Furthermore, the function is.pconsecutive()
tests whether the entities in the data have any gaps in their time series. Testing the Grunfeld
data shows that no gaps in the time periods are present for any firm.
Grunfeld %>%
is.pconsecutive()
## 1 2 3 4 5 6 7 8 9 10
## TRUE TRUE TRUE TRUE TRUE TRUE TRUE TRUE TRUE TRUE
Next I drop the year 1940 for firm 1, 3 and 7 and repeat the test. The output shows that now there are gaps in the time series for firms 1, 3 and 7!
Grunfeld %>%
filter(!(firm %in% c(1,3,7) & year == 1940)) %>%
is.pconsecutive()
## 1 2 3 4 5 6 7 8 9 10
## FALSE TRUE FALSE TRUE TRUE TRUE FALSE TRUE TRUE TRUE
With function make.pconsecutive()
the time gaps can be identified and closed with NA
values.
When doing graphical analysis with panel data, the entity and time dimension has to be taken into account in order to get meaningful results.

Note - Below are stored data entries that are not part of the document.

lemma psh_C2_approximation:
  fixes u ut :: "'n::finite cvec \<Rightarrow> real"
  assumes psh: "psh_on \<Omega> u" and ut: "continuous_on UNIV ut" "\<And>z. z \<in> \<Omega> \<Longrightarrow> ut z = u z"
    and V: "open V" "compact (closure V)" "closure V \<subseteq> \<Omega>"
  obtains w where "\<And>j. Ck_on 2 V (w j)" "\<And>j. psh_on V (w j)" "uniform_limit V w u sequentially"
proof -
  have "open \<Omega>" using psh by (simp add: psh_on_def)
  then obtain \<delta>0 where \<delta>0: "\<delta>0 > 0" "(\<Union>x\<in>closure V. cball x \<delta>0) \<subseteq> \<Omega>"
    using compact_subset_open_imp_cball_epsilon_subset[OF V(2) _ V(3)] by blast
  define \<epsilon> where "\<epsilon> j = min \<delta>0 1 / real (Suc j)" for j
  have "0 < \<epsilon> j" "\<epsilon> j \<le> min \<delta>0 1" for j
    unfolding \<epsilon>_def using \<delta>0(1) divide_left_mono[of 1 "real (Suc j)" "min \<delta>0 1"] by auto
  then have \<epsilon>: "0 < \<epsilon> j" "\<epsilon> j \<le> 1" "\<epsilon> j \<le> \<delta>0" for j
    using min.bounded_iff by blast+
  have \<epsilon>0: "\<epsilon> \<longlonglongrightarrow> 0"
    unfolding \<epsilon>_def using LIMSEQ_Suc[OF lim_const_over_n] by simp
  have "bounded V" using V(2) bounded_closure_image compact_imp_bounded bounded_subset closure_subset
    by blast
  obtain R where R: "\<And>x. x \<in> V \<Longrightarrow> norm x \<le> R"
    using \<open>bounded V\<close> bounded_pos by metis
  obtain r where r: "\<And>x. x \<in> (unit_cube::'n cvec set) \<Longrightarrow> norm x \<le> r"
    using bounded_cbox bounded_pos unfolding unit_cube_def by metis
  obtain A :: "'n cvec" where A: "cball 0 (R + r) \<subseteq> cbox (- A) A"
    using bounded_subset_cbox_symmetric[OF bounded_cball] by blast
  define w where "w j = convolution_on (cbox (- A) A) ut (mollifier (\<epsilon> j))" for j
  have rep: "w j z = integral unit_cube (\<lambda>y. ut (z - y) * mollifier (\<epsilon> j) y)" if z: "z \<in> V" for j z
    unfolding w_def
  proof (rule convolution_on_mollifier_eq[OF ut(1) \<epsilon>(1,2)])
    fix y :: "'n cvec" assume "y \<in> unit_cube"
    then have "norm (z - y) \<le> R + r" using r[of y] R[OF z] norm_triangle_ineq4[of z y] by simp
    then show "z - y \<in> cbox (- A) A" using A by (auto simp: subset_iff)
  qed
  show ?thesis
  proof
    show "Ck_on 2 V (w j)" for j
      unfolding w_def by (rule Ck_on_2_convolution_mollifier[OF ut(1) V(1)])
    show "psh_on V (w j)" for j
    proof (rule psh_on_mollification[OF psh ut \<epsilon>(1) V(1) _ _ rep])
      show "ball z (\<epsilon> j) \<subseteq> \<Omega>" if "z \<in> V" for z
      proof -
        have "ball z (\<epsilon> j) \<subseteq> cball z \<delta>0" using \<epsilon>(3)[of j] by (auto simp: subset_iff)
        moreover have "cball z \<delta>0 \<subseteq> \<Omega>" using that \<delta>0(2) closure_subset by blast
        ultimately show ?thesis by blast
      qed
      show "continuous_on UNIV (w j)"
        unfolding w_def by (rule continuous_on_convolution_on[OF ut(1) continuous_on_mollifier])
    qed
    have "uniform_limit V w ut sequentially"
      by (rule uniform_limit_mollification[OF ut(1) \<open>bounded V\<close> \<epsilon>0 \<epsilon>(1,2) rep])
    moreover have "\<forall>z\<in>V. ut z = u z" using V(3) closure_subset ut(2) by blast
    ultimately show "uniform_limit V w u sequentially"
      unfolding uniform_limit_iff by simp
  qed
qed

section \<open>Uniqueness of the Monge--Ampere measure\<close>

lemma mem_if_infdist_le:
  fixes S :: "'a::heine_borel set"
  assumes "closed S" "S \<noteq> {}" "(\<Union>x\<in>S. cball x e) \<subseteq> \<Omega>" "infdist y S \<le> e"
  shows "y \<in> \<Omega>"
proof -
  obtain x where "x \<in> S" "infdist y S = dist y x" using infdist_attains_inf[OF assms(1,2)] by blast
  then show ?thesis using assms(3,4) by (force simp: dist_commute)
qed

lemma is_MA_integral_eq:
  fixes u h :: "'n::finite cvec \<Rightarrow> real"
  assumes psh: "psh_on \<Omega> u" and ut: "continuous_on UNIV ut" "\<And>z. z \<in> \<Omega> \<Longrightarrow> ut z = u z"
    and "bounded \<Omega>" and \<nu>1: "is_MA \<Omega> u \<nu>1" and \<nu>2: "is_MA \<Omega> u \<nu>2"
    and h: "continuous_on UNIV h" "compact (closure {z. h z \<noteq> 0})" "closure {z. h z \<noteq> 0} \<subseteq> \<Omega>"
  shows "integral\<^sup>L \<nu>1 h = integral\<^sup>L \<nu>2 h"
proof (cases "closure {z. h z \<noteq> 0} = {}")
  case True
  then have "h = (\<lambda>z. 0)" using closure_subset by fastforce
  then show ?thesis by simp
next
  case False
  let ?S = "closure {z. h z \<noteq> 0}"
  have "open \<Omega>" using psh by (simp add: psh_on_def)
  then obtain e where e: "e > 0" "(\<Union>x\<in>?S. cball x e) \<subseteq> \<Omega>"
    using compact_subset_open_imp_cball_epsilon_subset[OF h(2) _ h(3)] by blast
  define V where "V = {y. infdist y ?S < e / 2}"
  have "open V" unfolding V_def by (intro open_Collect_less continuous_intros)
  have "closure V \<subseteq> {y. infdist y ?S \<le> e / 2}"
    unfolding V_def by (rule closure_minimal) (auto intro!: closed_Collect_le continuous_intros)
  then have "closure V \<subseteq> \<Omega>"
    using mem_if_infdist_le[OF closed_closure False e(2)] e(1) by force
  then have "compact (closure V)"
    using \<open>bounded \<Omega>\<close> bounded_subset compact_eq_bounded_closed by blast
  have "?S \<subseteq> V" unfolding V_def using e(1) by auto
  obtain w where "\<And>j. Ck_on 2 V (w j)" "\<And>j. psh_on V (w j)" "uniform_limit V w u sequentially"
    using psh_C2_approximation[OF psh ut \<open>open V\<close> \<open>compact (closure V)\<close> \<open>closure V \<subseteq> \<Omega>\<close>]
    by blast
  then have "(\<lambda>j. integral\<^sup>L lborel (\<lambda>z. h z * MA_density (w j) z)) \<longlonglongrightarrow> integral\<^sup>L \<nu> h"
    if "is_MA \<Omega> u \<nu>" for \<nu>
    using that h \<open>?S \<subseteq> V\<close> \<open>open V\<close> \<open>compact (closure V)\<close> \<open>closure V \<subseteq> \<Omega>\<close>
    unfolding is_MA_def by blast
  from LIMSEQ_unique[OF this[OF \<nu>1] this[OF \<nu>2]] show ?thesis .
qed

definition cutoff :: "'a::metric_space set \<Rightarrow> real \<Rightarrow> nat \<Rightarrow> 'a \<Rightarrow> real" where
  "cutoff K e j z = max 0 (1 - real (Suc j) * infdist z K / e)"

lemma continuous_on_cutoff: "continuous_on UNIV (cutoff K e j)"
  unfolding cutoff_def divide_inverse by (intro continuous_intros)

lemma cutoff_eq_0: "0 < e \<Longrightarrow> e \<le> infdist z K \<Longrightarrow> cutoff K e j z = 0"
proof -
  assume "0 < e" "e \<le> infdist z K"
  moreover have "infdist z K \<le> real (Suc j) * infdist z K"
    using infdist_nonneg[of z K] by (simp add: mult_le_cancel_right1)
  ultimately have "e \<le> real (Suc j) * infdist z K" by linarith
  then show ?thesis using \<open>0 < e\<close> by (simp add: cutoff_def field_simps)
qed

lemma cutoff_tendsto_indicator:
  assumes "closed K" "K \<noteq> {}" "0 < e"
  shows "(\<lambda>j. cutoff K e j z) \<longlonglongrightarrow> indicator K z"
proof (cases "z \<in> K")
  case True
  then show ?thesis by (simp add: cutoff_def)
next
  case False
  then have d: "infdist z K > 0" using infdist_pos_not_in_closed[OF assms(1,2)] by blast
  obtain n :: nat where n: "e / infdist z K < real n" using reals_Archimedean2 by blast
  have "cutoff K e j z = 0" if "n \<le> j" for j
  proof -
    have "e < real (Suc j) * infdist z K"
      using n d that by (simp add: field_simps) (smt (verit, best) mult_right_mono of_nat_mono)
    then show ?thesis using assms(3) by (simp add: cutoff_def max_def field_simps)
  qed
  then have "\<forall>\<^sub>F j in sequentially. cutoff K e j z = 0" unfolding eventually_sequentially by blast
  then show ?thesis using False by (simp add: tendsto_eventually)
qed

lemma integral_cutoff_tendsto_measure:
  fixes \<nu> :: "'a::euclidean_space measure"
  assumes \<nu>: "sets \<nu> = sets borel" "emeasure \<nu> {z. infdist z K \<le> e} < \<infinity>"
    and K: "closed K" "K \<noteq> {}" and e: "0 < e"
  shows "(\<lambda>j. integral\<^sup>L \<nu> (cutoff K e j)) \<longlonglongrightarrow> measure \<nu> K"
proof -
  let ?T = "{z. infdist z K \<le> e}"
  have space: "space \<nu> = UNIV" using sets_eq_imp_space_eq[OF \<nu>(1)] by simp
  have meas: "g \<in> borel_measurable \<nu>" if "g \<in> borel_measurable borel" for g :: "'a \<Rightarrow> real"
    using that measurable_cong_sets[OF \<nu>(1) refl, of "borel :: real measure"] by simp
  have "(\<lambda>j. integral\<^sup>L \<nu> (cutoff K e j)) \<longlonglongrightarrow> integral\<^sup>L \<nu> (indicator K)"
  proof (rule integral_dominated_convergence[where w="indicator ?T"])
    show "(indicator K :: 'a \<Rightarrow> real) \<in> borel_measurable \<nu>"
      using K(1) by (intro meas borel_measurable_indicator borel_closed)
    show "cutoff K e j \<in> borel_measurable \<nu>" for j
      by (intro meas borel_measurable_continuous_onI continuous_on_cutoff)
    have "closed ?T" by (intro closed_Collect_le continuous_intros)
    then show "integrable \<nu> (indicator ?T :: 'a \<Rightarrow> real)"
      using \<nu> by (simp add: integrable_indicator_iff)
    show "AE z in \<nu>. (\<lambda>j. cutoff K e j z) \<longlonglongrightarrow> indicator K z"
      using cutoff_tendsto_indicator[OF K e] by simp
    have "norm (cutoff K e j z) \<le> indicator ?T z" for j z
    proof (cases "infdist z K \<le> e")
      case True
      then show ?thesis using e infdist_nonneg[of z K] by (simp add: cutoff_def)
    qed (simp add: cutoff_eq_0[OF e])
    then show "AE z in \<nu>. norm (cutoff K e j z) \<le> indicator ?T z" for j by simp
  qed
  then show ?thesis using space by simp
qed

lemma emeasure_compact_eq_if_integral_eq:
  fixes \<nu>1 \<nu>2 :: "'a::euclidean_space measure"
  assumes integral_eq: "\<And>h. continuous_on UNIV h \<Longrightarrow> compact (closure {z. h z \<noteq> 0}) \<Longrightarrow>
       closure {z. h z \<noteq> 0} \<subseteq> \<Omega> \<Longrightarrow> integral\<^sup>L \<nu>1 h = integral\<^sup>L \<nu>2 (h :: 'a \<Rightarrow> real)"
    and \<nu>1: "sets \<nu>1 = sets borel" "\<forall>K. compact K \<and> K \<subseteq> \<Omega> \<longrightarrow> emeasure \<nu>1 K < \<infinity>"
    and \<nu>2: "sets \<nu>2 = sets borel" "\<forall>K. compact K \<and> K \<subseteq> \<Omega> \<longrightarrow> emeasure \<nu>2 K < \<infinity>"
    and \<Omega>: "open \<Omega>" "bounded \<Omega>"
    and K: "compact K" "K \<subseteq> \<Omega>"
  shows "emeasure \<nu>1 K = emeasure \<nu>2 K"
proof (cases "K = {}")
  case False
  have "closed K" using K(1) compact_imp_closed by blast
  obtain e where e: "e > 0" "(\<Union>x\<in>K. cball x e) \<subseteq> \<Omega>"
    using compact_subset_open_imp_cball_epsilon_subset[OF K(1) \<Omega>(1) K(2)] by blast
  let ?T = "{z. infdist z K \<le> e}"
  have "?T \<subseteq> \<Omega>" using mem_if_infdist_le[OF \<open>closed K\<close> False e(2)] by blast
  moreover have "closed ?T" by (intro closed_Collect_le continuous_intros)
  ultimately have "compact ?T" using \<Omega>(2) bounded_subset compact_eq_bounded_closed by blast
  have support: "closure {z. cutoff K e j z \<noteq> 0} \<subseteq> ?T" for j
    using cutoff_eq_0[OF e(1)] \<open>closed ?T\<close> by (intro closure_minimal) force+
  then have "compact (closure {z. cutoff K e j z \<noteq> 0})" for j
    using compact_Int_closed[OF \<open>compact ?T\<close> closed_closure] by (metis Int_absorb1)
  then have "integral\<^sup>L \<nu>1 (cutoff K e j) = integral\<^sup>L \<nu>2 (cutoff K e j)" for j
    using support \<open>?T \<subseteq> \<Omega>\<close> by (intro integral_eq continuous_on_cutoff) auto
  moreover have tendsto: "(\<lambda>j. integral\<^sup>L \<nu> (cutoff K e j)) \<longlonglongrightarrow> measure \<nu> K"
    if "sets \<nu> = sets borel" "\<forall>K. compact K \<and> K \<subseteq> \<Omega> \<longrightarrow> emeasure \<nu> K < \<infinity>" for \<nu>
    using that \<open>compact ?T\<close> \<open>?T \<subseteq> \<Omega>\<close> \<open>closed K\<close> False e(1)
    by (intro integral_cutoff_tendsto_measure) auto
  ultimately have "measure \<nu>1 K = measure \<nu>2 K"
    using LIMSEQ_unique[OF tendsto[OF \<nu>1]] tendsto[OF \<nu>2] by simp
  moreover have "emeasure \<nu>1 K \<noteq> \<infinity>" "emeasure \<nu>2 K \<noteq> \<infinity>" using \<nu>1(2) \<nu>2(2) K by auto
  ultimately show ?thesis by (simp add: emeasure_eq_ennreal_measure)
qed simp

A simple lineplot of gross investment (inv
) over time (year
) without taking into account the entity dimension does not give meaningful results!
ggplot(data = Grunfeld, aes(x = year, y = inv)) +
geom_line() +
labs(x = "Year", y = "Gross Investment") +
theme(legend.position = "none")
Therefore, I create a line plot for each firm
separated by colour. The additional blue dashed line indicates the overall trend in the data considering all firms simultaneously. It is in fact the fitted regression line of a linear model between inv
and year
. Firm 1 and 2 have a relatively high gross investment compared to the other firms. On average, gross investment increases over time.

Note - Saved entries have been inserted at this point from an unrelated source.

lemma card_eq_sum_card_twin_positions:
  "card M = (\<Sum>t \<in> closed_nbhd H ` verts H. card (twin_positions H M t))"
proof -
  define F where "F t = {p \<in> M. closed_nbhd H (snd p) = t}" for t
  have fin: "finite M" using finite_subset[OF M_verts P.finite_verts] .
  have "M = (\<Union>t \<in> closed_nbhd H ` verts H. F t)" using M_verts unfolding F_def by auto
  then have "card M = (\<Sum>t \<in> closed_nbhd H ` verts H. card (F t))"
    using card_UN_disjoint[of "closed_nbhd H ` verts H" F] fin H.finite_verts
    unfolding F_def by auto
  also have "\<dots> = (\<Sum>t \<in> closed_nbhd H ` verts H. card (twin_positions H M t))"
  proof (rule sum.cong)
    fix t
    have "inj_on fst (F t)"
      using eq_if_twins_in_mmd_free unfolding F_def inj_on_def by fastforce
    moreover have "fst ` F t = twin_positions H M t"
      unfolding F_def twin_positions_def by force
    ultimately show "card (F t) = card (twin_positions H M t)" using card_image by fastforce
  qed simp
  finally show ?thesis .
qed

lemma twin_positions_shift_free:
  assumes "a \<in> twin_positions H M t"
  shows "(a + r) mod m \<notin> twin_positions H M t"
proof
  assume "(a + r) mod m \<in> twin_positions H M t"
  then obtain d where d: "((a + r) mod m, d) \<in> M" "closed_nbhd H d = t"
    unfolding twin_positions_def by blast
  obtain b where b: "(a, b) \<in> M" "closed_nbhd H b = t"
    using assms unfolding twin_positions_def by blast
  have V: "a < m" "b \<in> verts H" "d \<in> verts H" using b(1) d(1) M_verts by (auto simp: verts_cycle_graph)
  have "b = d \<or> mutually_maximally_distant H b d" using H.mmd_if_twins V b(2) d(2) by blast
  then have "mutually_maximally_distant P (a, b) ((a + r) mod m, d)"
    using mmd_odd_cycle_product_if_antipodal cyc_dist_add_radius V by simp
  with M_mmd_free b(1) d(1) show False by blast
qed

lemma card_twin_classes_meeting_triangle_le:
  assumes p: "p < m"
  shows "card {t \<in> closed_nbhd H ` verts H. twin_positions H M t \<inter> cyc_triangle r p \<noteq> {}}
    \<le> card (verts H) - strong_metric_dim H"
    (is "card ?C \<le> _")
proof -
  define B where "B = {b. \<exists>a \<in> cyc_triangle r p. (a, b) \<in> M}"
  have "?C = closed_nbhd H ` B"
    using M_verts unfolding B_def twin_positions_def by auto
  \<comment> \<open>one representative vertex of every twin class that meets the triangle\<close>
  define R where "R = inv_into B (closed_nbhd H) ` ?C"
  have RB: "R \<subseteq> B" unfolding R_def using \<open>?C = _\<close> by (auto intro: inv_into_into)
  have card_R: "card R = card ?C"
    unfolding R_def using \<open>?C = _\<close> by (intro card_image inj_on_inv_into) simp
  have RV: "R \<subseteq> verts H" using RB M_verts unfolding B_def by auto
  have "\<not> mutually_maximally_distant H x y" if xy: "x \<in> R" "y \<in> R" for x y
  proof
    assume mmd: "mutually_maximally_distant H x y"
    obtain a c where ac: "a \<in> cyc_triangle r p" "(a, x) \<in> M" "c \<in> cyc_triangle r p" "(c, y) \<in> M"
      using RB xy unfolding B_def by blast
    have "closed_nbhd H x \<noteq> closed_nbhd H y"
      using xy mmd \<open>?C = _\<close> unfolding R_def mutually_maximally_distant_def
      by (auto simp: f_inv_into_f)
    then have "2 \<le> gdist H x y" using H.gdist_ge_2_if_mmd_not_twins mmd by blast
    moreover have "cyc_dist m a c \<in> {0, 1, r}" using cyc_dist_in_cyc_triangle radius_pos p ac by blast
    ultimately consider "cyc_dist m a c = r" | "cyc_dist m a c < gdist H x y" by fastforce
    moreover have "a < m" "c < m" using ac M_verts by (auto simp: verts_cycle_graph)
    ultimately have "mutually_maximally_distant P (a, x) (c, y)"
      using mmd_odd_cycle_product_if_mmd_layer mmd_odd_cycle_product_if_antipodal mmd RV xy
      by cases blast+
    with M_mmd_free ac show False by blast
  qed
  then have "strong_metric_dim H \<le> card (verts H) - card R"
    using H.strong_metric_dim_le_card_diff_mmd_free RV by blast
  then show ?thesis
    using card_R card_mono[OF H.finite_verts RV] H.strong_metric_dim_le_verts by linarith
qed

lemma card_mmd_free_odd_cycle_product_le:
  "card M \<le> r * (card (verts H) - strong_metric_dim H)"
proof -
  let ?T = "closed_nbhd H ` verts H" and ?N = "twin_positions H M"
  let ?meets = "\<lambda>t p. ?N t \<inter> cyc_triangle r p \<noteq> {}"
  have N_cycle: "?N t \<subseteq> {0..<m}" for t
    using M_verts unfolding twin_positions_def by (auto simp: verts_cycle_graph)
  have "m * card M = (\<Sum>t\<in>?T. m * card (?N t))"
    using card_eq_sum_card_twin_positions by (simp add: sum_distrib_left)
  also have "\<dots> \<le> (\<Sum>t\<in>?T. r * card {p \<in> {0..<m}. ?meets t p})"
    using card_shift_free_le_card_triangles_meeting[OF N_cycle twin_positions_shift_free]
    by (intro sum_mono) blast
  also have "\<dots> = r * (\<Sum>t\<in>?T. card {p \<in> {0..<m}. ?meets t p})"
    by (simp add: sum_distrib_left)
  also have "\<dots> = r * (\<Sum>p\<in>{0..<m}. card {t \<in> ?T. ?meets t p})"
    using sum.swap_restrict[of ?T "{0..<m}" "\<lambda>_ _. 1::nat" ?meets] H.finite_verts
    by (simp only: sum_constant of_nat_id mult_1_right finite_imageI finite_atLeastLessThan)
  also have "\<dots> \<le> r * (\<Sum>p\<in>{0..<m}. card (verts H) - strong_metric_dim H)"
    using card_twin_classes_meeting_triangle_le by (intro mult_le_mono2 sum_mono) simp
  also have "\<dots> = m * (r * (card (verts H) - strong_metric_dim H))"
    by (simp only: sum_constant card_atLeastLessThan diff_zero of_nat_id mult.left_commute)
  finally show ?thesis by (simp only: mult_le_cancel1)
qed

end

lemma strong_metric_dim_odd_cycle_product_ge:
  "card (verts H) * (r + 1) + r * strong_metric_dim H \<le> strong_metric_dim P"
proof -
  obtain S where S: "strong_resolving_set P S" "card S = strong_metric_dim P"
    by (rule P.strong_metric_basis_exists)
  have SV: "S \<subseteq> verts P" using S(1) unfolding strong_resolving_set_def by blast
  have "card (verts P - S) \<le> r * (card (verts H) - strong_metric_dim H)"
    using P.strong_resolving_set_covers_mmd[OF S(1)]
    by (intro card_mmd_free_odd_cycle_product_le) blast+
  moreover have "card (verts P - S) = m * card (verts H) - card S"
    using card_Diff_subset[OF finite_subset[OF SV P.finite_verts] SV]
    by (simp add: verts_cycle_graph card_cartesian_product)
  moreover have "card S \<le> m * card (verts H)"
    using card_mono[OF P.finite_verts SV] by (simp add: verts_cycle_graph card_cartesian_product)
  ultimately have "m * card (verts H) \<le> r * (card (verts H) - strong_metric_dim H) + card S"
    by linarith
  moreover obtain k where "card (verts H) = strong_metric_dim H + k"
    using H.strong_metric_dim_le_verts le_iff_add by blast
  ultimately show ?thesis using S(2) by (simp add: algebra_simps)
qed

lemma strong_metric_dim_odd_cycle_product:
  "strong_metric_dim P = card (verts H) * (r + 1) + r * strong_metric_dim H"
  using strong_metric_dim_odd_cycle_product_le strong_metric_dim_odd_cycle_product_ge by simp

end

theorem theorem19:
  fixes H :: "'a graph" and r n :: nat
  assumes "simple_graph H" and "connected_graph H"
    and "n = card (verts H)" and "n \<ge> 2" and "r \<ge> 1"
  shows "int n * (int r + 1) + int r * (int (strong_metric_dim H) - 1)
           \<le> int (strong_metric_dim (strong_product (cycle_graph (2 * r + 1)) H))
       \<and> int (strong_metric_dim (strong_product (cycle_graph (2 * r + 1)) H))
           \<le> int n * (int r + 1) + int r * int (strong_metric_dim H)"
proof -
  interpret odd_cycle_product H r
    using assms(1,2,5) by (intro odd_cycle_product.intro odd_cycle_product_axioms.intro
      connected_simple_graph_if_simple)
  have "int (strong_metric_dim (strong_product (cycle_graph (2 * r + 1)) H))
      = int n * (int r + 1) + int r * int (strong_metric_dim H)"
    using strong_metric_dim_odd_cycle_product assms(3) by (simp add: algebra_simps)
  then show ?thesis by (simp add: algebra_simps)
qed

ggplot(data = Grunfeld, aes(x = year, y = inv)) +
geom_line(aes(colour = as.factor(firm))) +
geom_smooth(method = "lm", se = F, lty = "dashed") +
labs(x = "Year", y = "Gross Investment") +
theme(legend.position = "none")
Heterogeneity across firms can be shown with a line plot. The blue line connects the mean values of inv
, using all available years across firms (entities).
Grunfeld %>%
group_by(firm) %>%
summarise(inv_mean = mean(inv)) %>%
left_join(Grunfeld) %>%
ggplot(data = .,
aes(x = reorder(as.character(firm), firm), y = inv)) +
geom_point() +
geom_line(aes(x = firm, y = inv_mean), col = "blue") +
labs(x = "Firm", y = "Gross Investment")
Depending on the dataset the entity identifier might be non-numeric. In the Gasoline
dataset, the entity dimension refers to countries and the argument group = 1
has to be added in function geom_line()
in order to draw a connecting line between the mean values.
data(Gasoline, package = "plm")
Gasoline %>%
group_by(country) %>%
summarise(mean = mean(lgaspcar)) %>%
left_join(Gasoline) %>%
ggplot(data = .,
aes(x = country, y = lgaspcar)) +
geom_point() +
geom_line(aes(x = country, y = mean, group = 1), col = "blue") +
labs(x = "Country", y = "Motor gasoline consumption per car (Log)") +
theme(axis.text.x = element_text(angle = 90))
The same holds for the time dimension. Here the blue line connects the mean values of inv
, using all available firms across years (time).
Grunfeld %>%
group_by(year) %>%
summarise(inv_mean = mean(inv)) %>%
left_join(Grunfeld) %>%
ggplot(data = .,
aes(x = year, y = inv)) +
geom_point() +
geom_line(aes(x = year, y = inv_mean), col = "blue") +
scale_x_continuous(labels = as.character(Grunfeld$year),
breaks = Grunfeld$year) +
labs(x = "Year", y = "Gross Investment") +
theme(axis.text.x = element_text(angle = 90))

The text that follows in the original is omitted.